26

I have a column in a dataframe as follows:

COL1
$54,345
$65,231
$76,234

How do I convert it into this:

COL1
54345
65231
76234

The way I tried it at first was:

df$COL1<-as.numeric(as.character(df$COL1))

That didn't work because it said NA's were introduced.

Then I tried it like this:

df$COL1<-as.numeric(gsub("\\$","",as.character(df$COL1)))

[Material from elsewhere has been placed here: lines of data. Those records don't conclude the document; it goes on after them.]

lemma nonzero_diag_tubes_eq_lessThan_trank:
  assumes inv: "is_right_inverse p Lmi Lm"
    and svd: "\<forall>k<p. is_svd I J (X k) (Lslice p Lm U k) (Lslice p Lm S k) (Lslice p Lm V k)"
  shows "{i. i < min I J \<and> (\<exists>t<p. S i i t \<noteq> 0)} = {..<trank p I J S}"
  unfolding trank_def
proof (rule down_closed_eq_lessThan_card)
  fix i j assume i: "i \<in> {i. i < min I J \<and> (\<exists>t<p. S i i t \<noteq> 0)}" and "j \<le> i"
  then obtain k where "k < p" and k: "Ltube p Lm (S i i) k \<noteq> 0"
    using ex_nonzero_iff_ex_Ltube_nonzero[OF inv] by auto
  have "Ltube p Lm (S i i) k \<in> \<real>" "0 \<le> Re (Ltube p Lm (S i i) k)"
    "Re (Ltube p Lm (S i i) k) \<le> Re (Ltube p Lm (S j j) k)"
    using svd \<open>k < p\<close> i \<open>j \<le> i\<close> unfolding is_svd_def Lslice_def by auto
  with k have "Ltube p Lm (S j j) k \<noteq> 0" by (auto elim!: Reals_cases)
  with \<open>k < p\<close> i \<open>j \<le> i\<close> show "j \<in> {i. i < min I J \<and> (\<exists>t<p. S i i t \<noteq> 0)}"
    using ex_nonzero_iff_ex_Ltube_nonzero[OF inv, of "S j j"] by auto
qed simp

section \<open>Scaled unitary transforms\<close>

locale scaled_unitary_transform =
  fixes p :: nat and c :: complex and Wm Lm Lmi :: "nat \<Rightarrow> nat \<Rightarrow> complex"
  assumes c_nonzero: "c \<noteq> 0" and unitary: "cunitary p Wm" and Lm_eq: "Lm = (\<lambda>i j. c * Wm i j)"
    and right_inverse: "is_right_inverse p Lm Lmi" and left_inverse: "is_right_inverse p Lmi Lm"
begin

lemma sum_sq_Ltube: "(\<Sum>k<p. (cmod (Ltube p Lm x k))\<^sup>2) = (cmod c)\<^sup>2 * (\<Sum>t<p. (cmod (x t))\<^sup>2)"
proof -
  have "Ltube p Lm x k = c * mat_vec p Wm x k" for k
    unfolding Ltube_def mat_vec_def Lm_eq by (simp add: sum_distrib_left mult.assoc)
  then have "(\<Sum>k<p. (cmod (Ltube p Lm x k))\<^sup>2) = (cmod c)\<^sup>2 * sqnorm p (mat_vec p Wm x)"
    unfolding sqnorm_def by (simp add: norm_mult power_mult_distrib sum_distrib_left)
  also have "\<dots> = (cmod c)\<^sup>2 * sqnorm p x"
    by (simp add: sqnorm_mat_vec[OF cunitary_imp_orthonormal_cols[OF unitary]])
  finally show ?thesis by (simp add: sqnorm_def)
qed

lemma tnorm_sq_eq_sum_Tslice: "(cmod c)\<^sup>2 * (tnorm p Is F)\<^sup>2 = (\<Sum>k<p. tsqnorm Is (Tslice p Lm F k))"
proof -
  have "(cmod c)\<^sup>2 * (tnorm p Is F)\<^sup>2 = (\<Sum>xs\<in>tidx Is. (cmod c)\<^sup>2 * (\<Sum>t<p. (cmod (F xs t))\<^sup>2))"
    unfolding tnorm_def by (simp add: sum_nonneg sum_distrib_left)
  also have "\<dots> = (\<Sum>k<p. tsqnorm Is (Tslice p Lm F k))"
    unfolding tsqnorm_def Tslice_def sum_sq_Ltube[symmetric] by (rule sum.swap)
  finally show ?thesis .
qed

lemma trank_tail_eq_sum_slice_tails:
  assumes tsvd: "is_tsvd p Lm I J X U S V"
  shows "(cmod c)\<^sup>2 * (\<Sum>i\<in>{r..<trank p I J S}. (tube_norm p (S i i))\<^sup>2)
           = (\<Sum>k<p. \<Sum>i\<in>{r..<min I J}. (cmod (Lslice p Lm S k i i))\<^sup>2)"
proof -
  have Z: "{i. i < min I J \<and> (\<exists>t<p. S i i t \<noteq> 0)} = {..<trank p I J S}"
    using nonzero_diag_tubes_eq_lessThan_trank[OF left_inverse tsvd[unfolded is_tsvd_def]] .
  have "{..<trank p I J S} \<subseteq> {..<min I J}" unfolding Z[symmetric] by auto
  then have "trank p I J S \<le> min I J" by simp
  have "(\<Sum>i\<in>{r..<trank p I J S}. (tube_norm p (S i i))\<^sup>2) = (\<Sum>i\<in>{r..<min I J}. \<Sum>t<p. (cmod (S i i t))\<^sup>2)"
  proof (rule sum.mono_neutral_cong_left)
    show "{r..<trank p I J S} \<subseteq> {r..<min I J}" using \<open>trank p I J S \<le> min I J\<close> by auto
    show "\<forall>i\<in>{r..<min I J} - {r..<trank p I J S}. (\<Sum>t<p. (cmod (S i i t))\<^sup>2) = 0"
    proof
      fix i assume i: "i \<in> {r..<min I J} - {r..<trank p I J S}"
      then have "i \<notin> {i. i < min I J \<and> (\<exists>t<p. S i i t \<noteq> 0)}" unfolding Z by simp
      with i show "(\<Sum>t<p. (cmod (S i i t))\<^sup>2) = 0" by simp
    qed
  qed (simp_all add: tube_norm_def sum_nonneg)
  then have "(cmod c)\<^sup>2 * (\<Sum>i\<in>{r..<trank p I J S}. (tube_norm p (S i i))\<^sup>2)
      = (\<Sum>i\<in>{r..<min I J}. (cmod c)\<^sup>2 * (\<Sum>t<p. (cmod (S i i t))\<^sup>2))"
    by (simp only: sum_distrib_left[of _ _ "{r..<min I J}"])
  also have "\<dots> = (\<Sum>i\<in>{r..<min I J}. \<Sum>k<p. (cmod (Lslice p Lm S k i i))\<^sup>2)"
    by (simp only: sum_sq_Ltube Lslice_def)
  finally show ?thesis by (simp only: sum.swap[of _ "{r..<min I J}"])
qed

lemma tsqnorm_Tslice_truncated_hosvd_le:
  assumes "length Ips = length Is" and pos: "\<forall>n<length Is. 0 < Is ! n"
    and le: "\<forall>n<length Is. Ips ! n \<le> Is ! n"
    and tsvd: "\<forall>n<length Is. is_tsvd p Lm (Is ! n) (ncols Is n) (unfold Is n A) (U n) (S n) (V n)"
    and "k < p"
  defines "Ub \<equiv> \<lambda>n. tcols (Ips ! n) (U n)"
  shows "tsqnorm Is (\<lambda>xs. Tslice p Lm A k xs
           - Tslice p Lm (mmprod p Lm Lmi Ips (mmprod p Lm Lmi Is A (\<lambda>n. tmH p Lm Lmi (Ub n))) Ub) k xs)
      \<le> (\<Sum>n<length Is. \<Sum>i\<in>{Ips ! n..<min (Is ! n) (ncols Is n)}. (cmod (Lslice p Lm (S n) k i i))\<^sup>2)"
proof -
  define Uk where "Uk n i j = (if j < Ips ! n then Lslice p Lm (U n) k i j else 0)" for n i j
  have "Lslice p Lm (Ub n) k = Uk n" for n
    unfolding Ub_def Lslice_tcols Uk_def ..
  then have Ah: "Tslice p Lm (mmprod p Lm Lmi Ips (mmprod p Lm Lmi Is A (\<lambda>n. tmH p Lm Lmi (Ub n))) Ub) k
      = cmmprod Ips (cmmprod Is (Tslice p Lm A k) (\<lambda>n i j. cnj (Uk n j i))) Uk"
    by (simp add: Tslice_mmprod Lslice_tmH right_inverse \<open>k < p\<close>)
  have "\<forall>n<length Is. is_svd (Is ! n) (ncols Is n) (\<lambda>i j. Tslice p Lm A k (unfold_index Is n i j))
      (Lslice p Lm (U n) k) (Lslice p Lm (S n) k) (Lslice p Lm (V n) k)"
    using tsvd by (simp add: is_svd_Tslice_unfold \<open>k < p\<close>)
  from tsqnorm_truncated_hosvd_le[OF \<open>length Ips = length Is\<close> pos le this]
  show ?thesis unfolding Ah Uk_def .
qed

lemma tnorm_truncated_hosvd_error_sq_le:
  assumes "length Ips = length Is" and pos: "\<forall>n<length Is. 0 < Is ! n"
    and le: "\<forall>n<length Is. Ips ! n \<le> Is ! n"
    and tsvd: "\<forall>n<length Is. is_tsvd p Lm (Is ! n) (ncols Is n) (unfold Is n A) (U n) (S n) (V n)"
  defines "Ub \<equiv> \<lambda>n. tcols (Ips ! n) (U n)"
  shows "(tnorm p Is (\<lambda>xs t. A xs t
            - mmprod p Lm Lmi Ips (mmprod p Lm Lmi Is A (\<lambda>n. tmH p Lm Lmi (Ub n))) Ub xs t))\<^sup>2
         \<le> (\<Sum>n<length Is. \<Sum>i\<in>{Ips ! n..<trank p (Is ! n) (ncols Is n) (S n)}. (tube_norm p (S n i i))\<^sup>2)"
    (is "(tnorm p Is (\<lambda>xs t. A xs t - ?Ah xs t))\<^sup>2 \<le> ?bound")
proof -
  have "(cmod c)\<^sup>2 * (tnorm p Is (\<lambda>xs t. A xs t - ?Ah xs t))\<^sup>2
      = (\<Sum>k<p. tsqnorm Is (\<lambda>xs. Tslice p Lm A k xs - Tslice p Lm ?Ah k xs))"
    by (simp add: tnorm_sq_eq_sum_Tslice Tslice_diff)
  also have "\<dots> \<le> (\<Sum>k<p. \<Sum>n<length Is. \<Sum>i\<in>{Ips ! n..<min (Is ! n) (ncols Is n)}. (cmod (Lslice p Lm (S n) k i i))\<^sup>2)"
    using tsqnorm_Tslice_truncated_hosvd_le[OF assms(1-4)] by (intro sum_mono) (simp add: Ub_def)
  also have "\<dots> = (\<Sum>n<length Is. (cmod c)\<^sup>2
                     * (\<Sum>i\<in>{Ips ! n..<trank p (Is ! n) (ncols Is n) (S n)}. (tube_norm p (S n i i))\<^sup>2))"
  proof (subst sum.swap, rule sum.cong[OF refl])
    fix n assume "n \<in> {..<length Is}"
    with tsvd have "is_tsvd p Lm (Is ! n) (ncols Is n) (unfold Is n A) (U n) (S n) (V n)" by simp
    from trank_tail_eq_sum_slice_tails[OF this]
    show "(\<Sum>k<p. \<Sum>i\<in>{Ips ! n..<min (Is ! n) (ncols Is n)}. (cmod (Lslice p Lm (S n) k i i))\<^sup>2)
        = (cmod c)\<^sup>2 * (\<Sum>i\<in>{Ips ! n..<trank p (Is ! n) (ncols Is n) (S n)}. (tube_norm p (S n i i))\<^sup>2)"
      by simp
  qed
  also have "\<dots> = (cmod c)\<^sup>2 * ?bound" by (simp add: sum_distrib_left)
  finally show ?thesis using c_nonzero by simp
qed

lemma trank_tail_sq_le_tnorm_approx_error:
  assumes "length Ips = length Is" and pos: "\<forall>n<length Is. 0 < Is ! n"
    and n: "n < length Is" and "Ips ! n \<le> Is ! n"
    and tsvd: "is_tsvd p Lm (Is ! n) (ncols Is n) (unfold Is n A) U S V"
    and W: "tmeq p (Ips ! n) (Ips ! n) (tmprod p Lm Lmi (Is ! n) (tmH p Lm Lmi (Ws n)) (Ws n)) (tmId p Lmi)"
  shows "(\<Sum>i\<in>{Ips ! n..<trank p (Is ! n) (ncols Is n) S}. (tube_norm p (S i i))\<^sup>2)
           \<le> (tnorm p Is (\<lambda>xs t. A xs t - mmprod p Lm Lmi Ips Sc Ws xs t))\<^sup>2"
    (is "?tail \<le> (tnorm p Is (\<lambda>xs t. A xs t - ?B xs t))\<^sup>2")
proof -
  have "(cmod c)\<^sup>2 * ?tail = (\<Sum>k<p. \<Sum>i\<in>{Ips ! n..<min (Is ! n) (ncols Is n)}. (cmod (Lslice p Lm S k i i))\<^sup>2)"
    by (rule trank_tail_eq_sum_slice_tails[OF tsvd])
  also have "\<dots> \<le> (\<Sum>k<p. tsqnorm Is (\<lambda>xs. Tslice p Lm A k xs - Tslice p Lm ?B k xs))"
  proof (rule sum_mono)
    fix k assume "k \<in> {..<p}"
    then have "k < p" by simp
    have "orthonormal_cols (Is ! n) (Ips ! n) (Lslice p Lm (Ws n) k)"
      by (rule orthonormal_cols_Lslice[OF right_inverse \<open>k < p\<close> W])
    from svd_tail_le_cmmprod_error[OF \<open>length Ips = length Is\<close> pos n \<open>Ips ! n \<le> Is ! n\<close>
        is_svd_Tslice_unfold[OF tsvd \<open>k < p\<close>], of "\<lambda>n. Lslice p Lm (Ws n) k", OF this]
    show "(\<Sum>i\<in>{Ips ! n..<min (Is ! n) (ncols Is n)}. (cmod (Lslice p Lm S k i i))\<^sup>2)
        \<le> tsqnorm Is (\<lambda>xs. Tslice p Lm A k xs - Tslice p Lm ?B k xs)"
      by (simp add: Tslice_mmprod[OF right_inverse \<open>k < p\<close>])
  qed
  also have "\<dots> = (cmod c)\<^sup>2 * (tnorm p Is (\<lambda>xs t. A xs t - ?B xs t))\<^sup>2"
    by (simp add: tnorm_sq_eq_sum_Tslice Tslice_diff)
  finally show ?thesis using c_nonzero by simp
qed

end

theorem theorem5p4:
  fixes p :: nat and c :: complex and Wm Lm Lmi :: "nat \<Rightarrow> nat \<Rightarrow> complex"
    and Is Ips :: "nat list" and A :: tten and U S V :: "nat \<Rightarrow> tmat"
  assumes p: "p \<ge> 1"
    and c: "c \<noteq> 0"
    and Wm: "cunitary p Wm"
    and Lm: "Lm = (\<lambda>i j. c * Wm i j)"
    and Lmi1: "\<forall>i<p. \<forall>j<p. (\<Sum>l<p. Lmi i l * Lm l j) = (if i = j then 1 else 0)"
    and Lmi2: "\<forall>i<p. \<forall>j<p. (\<Sum>l<p. Lm i l * Lmi l j) = (if i = j then 1 else 0)"
    and Ips: "length Ips = length Is"
    and Ips_bd: "\<forall>n<length Is. 1 \<le> Ips ! n \<and> Ips ! n \<le> Is ! n"
    and tsvd: "\<forall>n<length Is.
        is_tsvd p Lm (Is ! n) (ncols Is n) (unfold Is n A) (U n) (S n) (V n)"
  shows "\<forall>(Sc :: tten) (Ws :: nat \<Rightarrow> tmat).
      (\<forall>n<length Is. tmeq p (Ips ! n) (Ips ! n)
          (tmprod p Lm Lmi (Is ! n) (tmH p Lm Lmi (Ws n)) (Ws n)) (tmId p Lmi)) \<longrightarrow>
      (let Ub = (\<lambda>n. tcols (Ips ! n) (U n));
           St = mmprod p Lm Lmi Is A (\<lambda>n. tmH p Lm Lmi (Ub n));
           Ah = mmprod p Lm Lmi Ips St Ub;
           bnd = sqrt (\<Sum>n<length Is.
                    \<Sum>i\<in>{Ips ! n..<trank p (Is ! n) (ncols Is n) (S n)}.
                      (tube_norm p (S n i i))\<^sup>2)
       in tnorm p Is (\<lambda>xs k. A xs k - Ah xs k) \<le> bnd \<and>
          bnd \<le> sqrt (real (length Is)) *
            tnorm p Is (\<lambda>xs k. A xs k - mmprod p Lm Lmi Ips Sc Ws xs k))"
proof (intro allI impI)
  fix Sc :: tten and Ws :: "nat \<Rightarrow> tmat"
  assume W: "\<forall>n<length Is. tmeq p (Ips ! n) (Ips ! n)
          (tmprod p Lm Lmi (Is ! n) (tmH p Lm Lmi (Ws n)) (Ws n)) (tmId p Lmi)"
  interpret scaled_unitary_transform p c Wm Lm Lmi
    using c Wm Lm Lmi1 Lmi2 by unfold_locales (simp_all add: is_right_inverse_def)
  have pos: "\<forall>n<length Is. 0 < Is ! n" and le: "\<forall>n<length Is. Ips ! n \<le> Is ! n"
    using Ips_bd by fastforce+
  let ?tail = "\<lambda>n. \<Sum>i\<in>{Ips ! n..<trank p (Is ! n) (ncols Is n) (S n)}. (tube_norm p (S n i i))\<^sup>2"
  let ?err = "tnorm p Is (\<lambda>xs k. A xs k - mmprod p Lm Lmi Ips Sc Ws xs k)"
  have "?tail n \<le> ?err\<^sup>2" if "n < length Is" for n
    using trank_tail_sq_le_tnorm_approx_error[OF Ips pos that] le tsvd W that by blast
  then have "(\<Sum>n<length Is. ?tail n) \<le> (\<Sum>n<length Is. ?err\<^sup>2)" by (intro sum_mono) simp
  then have "sqrt (\<Sum>n<length Is. ?tail n) \<le> sqrt (real (length Is) * ?err\<^sup>2)"
    by (intro real_sqrt_le_mono) simp
  also have "\<dots> = sqrt (real (length Is)) * ?err" by (simp add: real_sqrt_mult tnorm_nonneg)
  finally have "sqrt (\<Sum>n<length Is. ?tail n) \<le> sqrt (real (length Is)) * ?err" .
  moreover have "tnorm p Is (\<lambda>xs k. A xs k - mmprod p Lm Lmi Ips
          (mmprod p Lm Lmi Is A (\<lambda>n. tmH p Lm Lmi (tcols (Ips ! n) (U n)))) (\<lambda>n. tcols (Ips ! n) (U n)) xs k)
        \<le> sqrt (\<Sum>n<length Is. ?tail n)"
    using tnorm_truncated_hosvd_error_sq_le[OF Ips pos le tsvd] by (intro real_le_rsqrt)
  ultimately show "let Ub = (\<lambda>n. tcols (Ips ! n) (U n));
           St = mmprod p Lm Lmi Is A (\<lambda>n. tmH p Lm Lmi (Ub n));
           Ah = mmprod p Lm Lmi Ips St Ub;
           bnd = sqrt (\<Sum>n<length Is. ?tail n)
       in tnorm p Is (\<lambda>xs k. A xs k - Ah xs k) \<le> bnd \<and> bnd \<le> sqrt (real (length Is)) * ?err"
    unfolding Let_def by blast
qed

And the same this happened.

Any ideas?

zx8754
  • 52,746
  • 12
  • 114
  • 209
Nick
  • 833
  • 2
  • 8
  • 11

4 Answers4

53

We could use parse_number from readr package which removes any non-numeric characters.

library(readr)
parse_number(df$COL1)
#[1] 54345 65231 76234
Ronak Shah
  • 377,200
  • 20
  • 156
  • 213
37

The reason why the gsub didn't work was there was , in the column, which is still non-numeric. So when convert to 'numeric' with as.numeric, all the non-numeric elements are converted to NA. So, we need to remove both , and $ to make it work.

df1$COL1 <- as.numeric(gsub('[$,]', '', df1$COL1))

We match the $ and , inside the square brackets ([$,]) so that it will be considered as that character ($ left alone has special meaning i.e. it signifies the end of the string.) and replace it with ''.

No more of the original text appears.